Scaling deployments

Scaling is accomplished by changing the number of replicas in a deployment. A replica is a copy of a pod that already contains a running service. By having multiple replicas of a pod, you can ensure that your deployment has the available resources to handle increasing load.

About this task

Restriction: By default, a single Rule Execution Server console is deployed and restarted when necessary. Due to a known limitation, it is not possible to scale up the number of deployments of the console.

All of the ODM services can be scaled up or down in a cluster, except for the Rule Execution Server console. The console is used to deploy new versions of a decision service dynamically and notify all connected rule engines to pick up the newest version. Although you do not need a console for rule execution, it is useful to deploy new versions, notify decision services to execution components, and gather statistics for rule execution.

If a deployment is exposed publicly when you change the number of replicas, the service distributes the traffic to the available pods during the update. An available pod is an instance that can be accessed by users.

Procedure

  1. From the Kubernetes command line, you set the scale value by using the replicas parameter.
    kubectl scale --replicas=2 deployment/odm-instance-odm-decisionrunner
    Where odm-instance-odm-decisionrunner is the name of the deployment you want to scale.

    It is also possible to specify one or more preconditions for the scale action. If either of the current-replicas or resource-version parameters are specified, they are validated before the scale is attempted. The precondition must hold true for the scale to be applied to the server. For more information, see kubectl scale.

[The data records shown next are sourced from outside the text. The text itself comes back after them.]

(* If $G$ and $H$ are 1-homogeneous graphs, then \[\chi_{vec}(G \times H) = \min\{\chi_{vec}(G), \chi_{vec}(H)\}.\]
   Context: Graphs are finite, simple and undirected. A graph $G$ is 1-homogeneous if (1) for every $k$, the number of closed walks of length $k$ starting at a vertex $u$ does not depend on $u$, and (2) for every $k$, the number of walks of length $k$ from $u$ to $v$, for adjacent $u,v$, does not depend on the edge $uv$. The categorical product $G\times H$ has vertex set $V(G)\times V(H)$, with $(u_1,v_1)\sim(u_2,v_2)$ iff $u_1\sim u_2$ and $v_1\sim v_2$. For a real $k>1$, a vector $k$-coloring of $G$ is a map $\varphi$ from $V(G)$ to the unit sphere of some $\mathbb{R}^d$ with $\varphi(u)^T\varphi(v)\le -\frac{1}{k-1}$ whenever $u\sim v$; the vector chromatic number $\chi_{vec}(G)$ is the smallest such $k$ (equal to $1$ for graphs with no edges). *)

theory Defs
  imports Complex_Main
begin

definition simple_graph :: "'a set \<Rightarrow> ('a \<Rightarrow> 'a \<Rightarrow> bool) \<Rightarrow> bool" where
  "simple_graph V E \<longleftrightarrow> finite V \<and> (\<forall>u v. E u v \<longrightarrow> u \<in> V \<and> v \<in> V)
     \<and> (\<forall>u v. E u v \<longrightarrow> E v u) \<and> (\<forall>u. \<not> E u u)"

fun walks :: "'a set \<Rightarrow> ('a \<Rightarrow> 'a \<Rightarrow> bool) \<Rightarrow> nat \<Rightarrow> 'a \<Rightarrow> 'a \<Rightarrow> nat" where
  "walks V E 0 u v = (if u = v then 1 else 0)"
| "walks V E (Suc k) u v = (\<Sum>w\<in>{w\<in>V. E u w}. walks V E k w v)"

definition one_homogeneous :: "'a set \<Rightarrow> ('a \<Rightarrow> 'a \<Rightarrow> bool) \<Rightarrow> bool" where
  "one_homogeneous V E \<longleftrightarrow>
     (\<forall>k. \<forall>u\<in>V. \<forall>u'\<in>V. walks V E k u u = walks V E k u' u') \<and>
     (\<forall>k u v u' v'. E u v \<longrightarrow> E u' v' \<longrightarrow> walks V E k u v = walks V E k u' v')"

definition cat_prod_verts :: "'a set \<Rightarrow> 'b set \<Rightarrow> ('a \<times> 'b) set" where
  "cat_prod_verts V W = V \<times> W"

definition cat_prod_edges ::
  "('a \<Rightarrow> 'a \<Rightarrow> bool) \<Rightarrow> ('b \<Rightarrow> 'b \<Rightarrow> bool) \<Rightarrow> ('a \<times> 'b) \<Rightarrow> ('a \<times> 'b) \<Rightarrow> bool" where
  "cat_prod_edges E F p q \<longleftrightarrow> E (fst p) (fst q) \<and> F (snd p) (snd q)"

  2. Optional: Define a policy that automatically scales the number of deployment replicas.
    For more information, see Horizontal Pod Autoscaler.

Results

The following values are updated after the deployment scaled.
  • DESIRED - The desired number of replicas of a pod, which you define when you create the deployment.
  • CURRENT - The number of replicas currently running.
  • READY - The number of replicas that are available to the users compared to the desired state.
  • AVAILABLE - The number of replicas that are available to the users.